TO DO: Which of the lines in the records below hold the string "intro"? Copy every one of them.

╭─ DATASET RECORDS

(* Let $p\ge 2$, $\alpha=p-1$, $0<R<\infty$, $\theta\ge\alpha$, $0\le\nu<\lambda_{\alpha,\theta}$. For each $\varepsilon\in(0,\mu_{\alpha,\theta})$ let $u_\varepsilon\in X^{1,p}_R(\alpha,\theta)\cap C^1[0,R]$ be nonnegative and nonincreasing with $H_\nu(u_\varepsilon)=1$ and $\int_0^R e^{\mu_\varepsilon u_\varepsilon^{p/(p-1)}}\mathrm d\lambda_\theta=S_\varepsilon(p,\nu,\theta,R)$, and let $\lambda_\varepsilon=\int_0^R e^{\mu_\varepsilon u_\varepsilon^{p/(p-1)}}u_\varepsilon^{p/(p-1)}\mathrm d\lambda_\theta$. Suppose that along a sequence $\varepsilon\to0$ we have $u_\varepsilon\to0$ in $L^q_\theta$ for every $q>1$ and $a_\varepsilon:=u_\varepsilon(0)\to+\infty$. Define $r_\varepsilon>0$ by $$r_\varepsilon^{\theta+1}=\frac{\lambda_\varepsilon}{a_\varepsilon^{\frac p{p-1}}e^{\mu_\varepsilon a_\varepsilon^{\frac p{p-1}}}}.$$ Then for every $\eta<\mu_{\alpha,\theta}$, $r_\varepsilon^{\theta+1}a_\varepsilon^{\frac p{p-1}}e^{\eta a_\varepsilon^{\frac p{p-1}}}\to0$ as $\varepsilon\to0$. In particular $r_\varepsilon^{\theta+1}\to0$.
   Context: For $s\ge 0$ let $\omega_s=\frac{2\pi^{s/2}}{\Gamma(s/2)}$ and let $\mathrm d\lambda_s=\omega_s r^s\,\mathrm dr$ on $(0,R)$; $L^q_s=L^q((0,R),\mathrm d\lambda_s)$. The space $X^{1,p}_R(\alpha,\theta)$ is the completion of the set of all $u\in AC_{loc}(0,R)$ with $\lim_{r\to R}u(r)=0$, $u\in L^p_\theta$, $u'\in L^p_\alpha$, with respect to the norm $\|u\|=(\|u\|^p_{L^p_\theta}+\|u'\|^p_{L^p_\alpha})^{1/p}$. Set $\mu_{\alpha,\theta}=(\theta+1)\omega_\alpha^{1/\alpha}$, $\lambda_{\alpha,\theta}=\inf_{u\in X^{1,p}_R(\alpha,\theta)\setminus\{0\}}\|u'\|^p_{L^p_\alpha}/\|u\|^p_{L^p_\theta}$, and $H_\nu(u)=(\|u'\|^p_{L^p_\alpha}-\nu\|u\|^p_{L^p_\theta})^{1/p}$. Let $\mu_\varepsilon=\mu_{\alpha,\theta}-\varepsilon$ and $S_\varepsilon(p,\nu,\theta,R)=\sup_{u\in X^{1,p}_R(\alpha,\theta),\,H_\nu(u)\le1}\int_0^R e^{\mu_\varepsilon|u|^{p/(p-1)}}\mathrm d\lambda_\theta$. *)

theory Defs
  imports "HOL-Analysis.Analysis"
begin

definition omega :: "real \<Rightarrow> real" where
  "omega s = 2 * pi powr (s / 2) / Gamma (s / 2)"

definition lam :: "real \<Rightarrow> real \<Rightarrow> real measure" where
  "lam s R = density (restrict_space lebesgue {0<..<R}) (\<lambda>r. ennreal (omega s * r powr s))"

definition Lpow :: "real \<Rightarrow> real \<Rightarrow> real \<Rightarrow> (real \<Rightarrow> real) \<Rightarrow> real" where
  "Lpow q s R u = integral\<^sup>L (lam s R) (\<lambda>r. \<bar>u r\<bar> powr q)"

definition abs_cont_on :: "real set \<Rightarrow> (real \<Rightarrow> real) \<Rightarrow> bool" where
  "abs_cont_on S f \<longleftrightarrow>
     (\<forall>e>0. \<exists>d>0. \<forall>(n::nat) (a::nat \<Rightarrow> real) (b::nat \<Rightarrow> real).
        (\<forall>i<n. a i \<le> b i \<and> {a i..b i} \<subseteq> S) \<and>
        (\<forall>i<n. \<forall>j<n. i \<noteq> j \<longrightarrow> b i \<le> a j \<or> b j \<le> a i) \<and>
        (\<Sum>i<n. b i - a i) < d
        \<longrightarrow> (\<Sum>i<n. \<bar>f (b i) - f (a i)\<bar>) < e)"

definition AC_loc :: "real \<Rightarrow> (real \<Rightarrow> real) \<Rightarrow> bool" where
  "AC_loc R u \<longleftrightarrow> (\<forall>a b. 0 < a \<longrightarrow> a \<le> b \<longrightarrow> b < R \<longrightarrow> abs_cont_on {a..b} u)"

text \<open>The space X^{1,p}_R(alpha,theta). The normed space of such functions is already
  complete, so it coincides with its completion. The derivative u' is
  the a.e. derivative \<open>deriv u\<close>.\<close>
definition Xsp :: "real \<Rightarrow> real \<Rightarrow> real \<Rightarrow> real \<Rightarrow> (real \<Rightarrow> real) set" where
  "Xsp p \<alpha> \<theta> R = {u. AC_loc R u \<and> (u \<longlongrightarrow> 0) (at_left R) \<and>
      integrable (lam \<theta> R) (\<lambda>r. \<bar>u r\<bar> powr p) \<and>
      integrable (lam \<alpha> R) (\<lambda>r. \<bar>deriv u r\<bar> powr p)}"

definition mu :: "real \<Rightarrow> real \<Rightarrow> real" where
  "mu \<alpha> \<theta> = (\<theta> + 1) * omega \<alpha> powr (1 / \<alpha>)"

definition lambda1 :: "real \<Rightarrow> real \<Rightarrow> real \<Rightarrow> real \<Rightarrow> real" where
  "lambda1 p \<alpha> \<theta> R = Inf {Lpow p \<alpha> R (deriv u) / Lpow p \<theta> R u | u.
      u \<in> Xsp p \<alpha> \<theta> R \<and> (\<exists>r\<in>{0<..<R}. u r \<noteq> 0)}"

definition H :: "real \<Rightarrow> real \<Rightarrow> real \<Rightarrow> real \<Rightarrow> real \<Rightarrow> (real \<Rightarrow> real) \<Rightarrow> real" where
  "H p \<alpha> \<theta> R \<nu> u = (Lpow p \<alpha> R (deriv u) - \<nu> * Lpow p \<theta> R u) powr (1 / p)"

definition S :: "real \<Rightarrow> real \<Rightarrow> real \<Rightarrow> real \<Rightarrow> real \<Rightarrow> ennreal" where
  "S p \<nu> \<theta> R \<epsilon> = (SUP u \<in> {u \<in> Xsp p (p - 1) \<theta> R. H p (p - 1) \<theta> R \<nu> u \<le> 1}.
      \<integral>\<^sup>+ r. ennreal (exp ((mu (p - 1) \<theta> - \<epsilon>) * \<bar>u r\<bar> powr (p / (p - 1)))) \<partial>lam \<theta> R)"

end

theory Submission
  imports Defs
begin

(* Write q = p/(p-1), m = mu - eps and a = u_eps(0), which tends to infinity. Then
   r^(theta+1) a^q e^(eta a^q) is the integral of e^(m u^q) u^q e^((eta - m) a^q), and as
   u <= a and eta <= m for small eps, it is at most the integral of u^q e^(eta u^q).
   Splitting at the level u^q = M bounds this by e^(|eta| M) times the integral of u^q, which
   tends to 0, plus O(1/M) times the integral of e^(c u^q) for a fixed c in (eta, mu); the
   latter is at most S_(mu - c) < infinity since u_eps is admissible for that supremum. *)

lemma mult_exp_le_linear_plus_exp:
  fixes \<eta> \<gamma> \<delta> :: real
  assumes \<gamma>: "0 < \<gamma>" and \<delta>: "0 < \<delta>"
  obtains C where "\<And>t. 0 \<le> t \<Longrightarrow> t * exp (\<eta> * t) \<le> C * t + \<delta> * exp ((\<eta> + \<gamma>) * t)"
proof
  define M where "M = 4 / (\<gamma>\<^sup>2 * \<delta>)"
  fix t :: real
  assume t: "0 \<le> t"
  show "t * exp (\<eta> * t) \<le> exp (\<bar>\<eta>\<bar> * M) * t + \<delta> * exp ((\<eta> + \<gamma>) * t)"
  proof (cases "t \<le> M")
    case True
    have "\<eta> * t \<le> \<bar>\<eta>\<bar> * M"
      using True t by (meson abs_ge_self abs_ge_zero mult_mono order_trans)
    then have "t * exp (\<eta> * t) \<le> exp (\<bar>\<eta>\<bar> * M) * t"
      using t by (simp add: mult.commute mult_left_mono)
    moreover have "0 \<le> \<delta> * exp ((\<eta> + \<gamma>) * t)" using \<delta> by simp
    ultimately show ?thesis by linarith
  next
    case False
    have "(\<gamma> * t / 2)\<^sup>2 \<le> (1 + \<gamma> * t / 2)\<^sup>2"
      using \<gamma> t by (intro power_mono) auto
    also have "\<dots> \<le> exp (\<gamma> * t)"
    proof -
      have "- 2 \<le> \<gamma> * t" using \<gamma> t by (smt (verit) mult_nonneg_nonneg)
      then show ?thesis using exp_ge_one_plus_x_over_n_power_n[of 2 "\<gamma> * t"] by simp
    qed
    finally have growth: "\<gamma>\<^sup>2 * t * t \<le> 4 * exp (\<gamma> * t)"
      by (simp add: power2_eq_square mult_ac)
    have "M * (\<gamma>\<^sup>2 * t) \<le> t * (\<gamma>\<^sup>2 * t)"
      using False t by (intro mult_right_mono) auto
    then have "4 * t \<le> \<delta> * (\<gamma>\<^sup>2 * t * t)"
      using \<gamma> \<delta> by (simp add: M_def field_simps)
    also have "\<dots> \<le> \<delta> * (4 * exp (\<gamma> * t))"
      using growth \<delta> by (intro mult_left_mono) auto
    finally have "t \<le> \<delta> * exp (\<gamma> * t)" by simp
    then have "t * exp (\<eta> * t) \<le> \<delta> * exp (\<gamma> * t) * exp (\<eta> * t)"
      by (rule mult_right_mono) simp
    also have "\<dots> = \<delta> * exp ((\<eta> + \<gamma>) * t)"
      by (simp add: exp_add[symmetric] algebra_simps)
    finally show ?thesis using t by (simp add: add_increasing)
  qed
qed

lemma exp_shift_le:
  fixes s b \<eta> m :: real
  assumes "0 \<le> s" "s \<le> b" "\<eta> \<le> m"
  shows "exp (m * s) * s * exp ((\<eta> - m) * b) \<le> s * exp (\<eta> * s)"
proof -
  have "(\<eta> - m) * b \<le> (\<eta> - m) * s"
    using assms by (simp add: mult_left_mono_neg)
  then have "m * s + (\<eta> - m) * b \<le> \<eta> * s"
    by (simp add: algebra_simps)
  then have "exp (m * s) * exp ((\<eta> - m) * b) \<le> exp (\<eta> * s)"
    by (simp add: exp_add[symmetric])
  then have "s * (exp (m * s) * exp ((\<eta> - m) * b)) \<le> s * exp (\<eta> * s)"
    using assms(1) by (rule mult_left_mono)
  then show ?thesis by (simp add: mult_ac)
qed

text \<open>For M = lam \<theta> R, q = p/(p-1), m = \<mu>_\<epsilon>, a = u_\<epsilon>(0) and v = u_\<epsilon> this is the
  paper's r_\<epsilon>^(\<theta>+1) = \<lambda>_\<epsilon> / (a^q e^(m a^q)).\<close>
definition blowup_scale :: "'a measure \<Rightarrow> real \<Rightarrow> real \<Rightarrow> real \<Rightarrow> ('a \<Rightarrow> real) \<Rightarrow> real" where
  "blowup_scale M q m a v =
     (\<integral>x. exp (m * v x powr q) * v x powr q \<partial>M) / (a powr q * exp (m * a powr q))"

lemma blowup_scale_nonneg: "0 \<le> blowup_scale M q m a v"
  unfolding blowup_scale_def by (intro divide_nonneg_nonneg integral_nonneg) auto

lemma blowup_scale_mult_exp_le:
  fixes M :: "'a measure" and v :: "'a \<Rightarrow> real"
  assumes M: "finite_measure M" and v: "v \<in> borel_measurable M"
    and v_bounds: "\<And>x. x \<in> space M \<Longrightarrow> 0 \<le> v x \<and> v x \<le> a"
    and "0 < a" "0 < q" "\<eta> \<le> m"
  shows "blowup_scale M q m a v * a powr q * exp (\<eta> * a powr q)
           \<le> (\<integral>x. v x powr q * exp (\<eta> * v x powr q) \<partial>M)"
proof -
  interpret finite_measure M by (rule M)
  have "blowup_scale M q m a v * a powr q * exp (\<eta> * a powr q)
      = (\<integral>x. exp (m * v x powr q) * v x powr q \<partial>M) * exp ((\<eta> - m) * a powr q)"
    using \<open>0 < a\<close> by (simp add: blowup_scale_def exp_diff left_diff_distrib field_simps)
  also have "\<dots> = (\<integral>x. exp (m * v x powr q) * v x powr q * exp ((\<eta> - m) * a powr q) \<partial>M)"
    by simp
  also have "\<dots> \<le> (\<integral>x. v x powr q * exp (\<eta> * v x powr q) \<partial>M)"
  proof (rule integral_mono')
    have "norm (v x powr q * exp (\<eta> * v x powr q)) \<le> a powr q * exp (\<bar>\<eta>\<bar> * a powr q)"
      if "x \<in> space M" for x
    proof -
      have le: "v x powr q \<le> a powr q"
        using v_bounds[OF that] \<open>0 < q\<close> by (simp add: powr_mono2)
      have "\<eta> * v x powr q \<le> \<bar>\<eta>\<bar> * a powr q"
        using le by (meson abs_ge_self abs_ge_zero order_trans mult_mono powr_ge_zero)
      then show ?thesis
        using le by (simp add: mult_mono)
    qed
    then show "integrable M (\<lambda>x. v x powr q * exp (\<eta> * v x powr q))"
      using v by (intro integrable_const_bound AE_I2) auto
    show "exp (m * v x powr q) * v x powr q * exp ((\<eta> - m) * a powr q)
        \<le> v x powr q * exp (\<eta> * v x powr q)" if "x \<in> space M" for x
      using exp_shift_le[of "v x powr q" "a powr q" \<eta> m] v_bounds[OF that] assms(5,6)
      by (simp add: powr_mono2)
  qed simp
  finally show ?thesis .
qed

╰─

REPLY TO THE EXERCISE:
      using \<gamma> t by (intro power_mono) auto
      using False t by (intro mult_right_mono) auto
      using growth \<delta> by (intro mult_left_mono) auto
  unfolding blowup_scale_def by (intro divide_nonneg_nonneg integral_nonneg) auto
      using v by (intro integrable_const_bound AE_I2) auto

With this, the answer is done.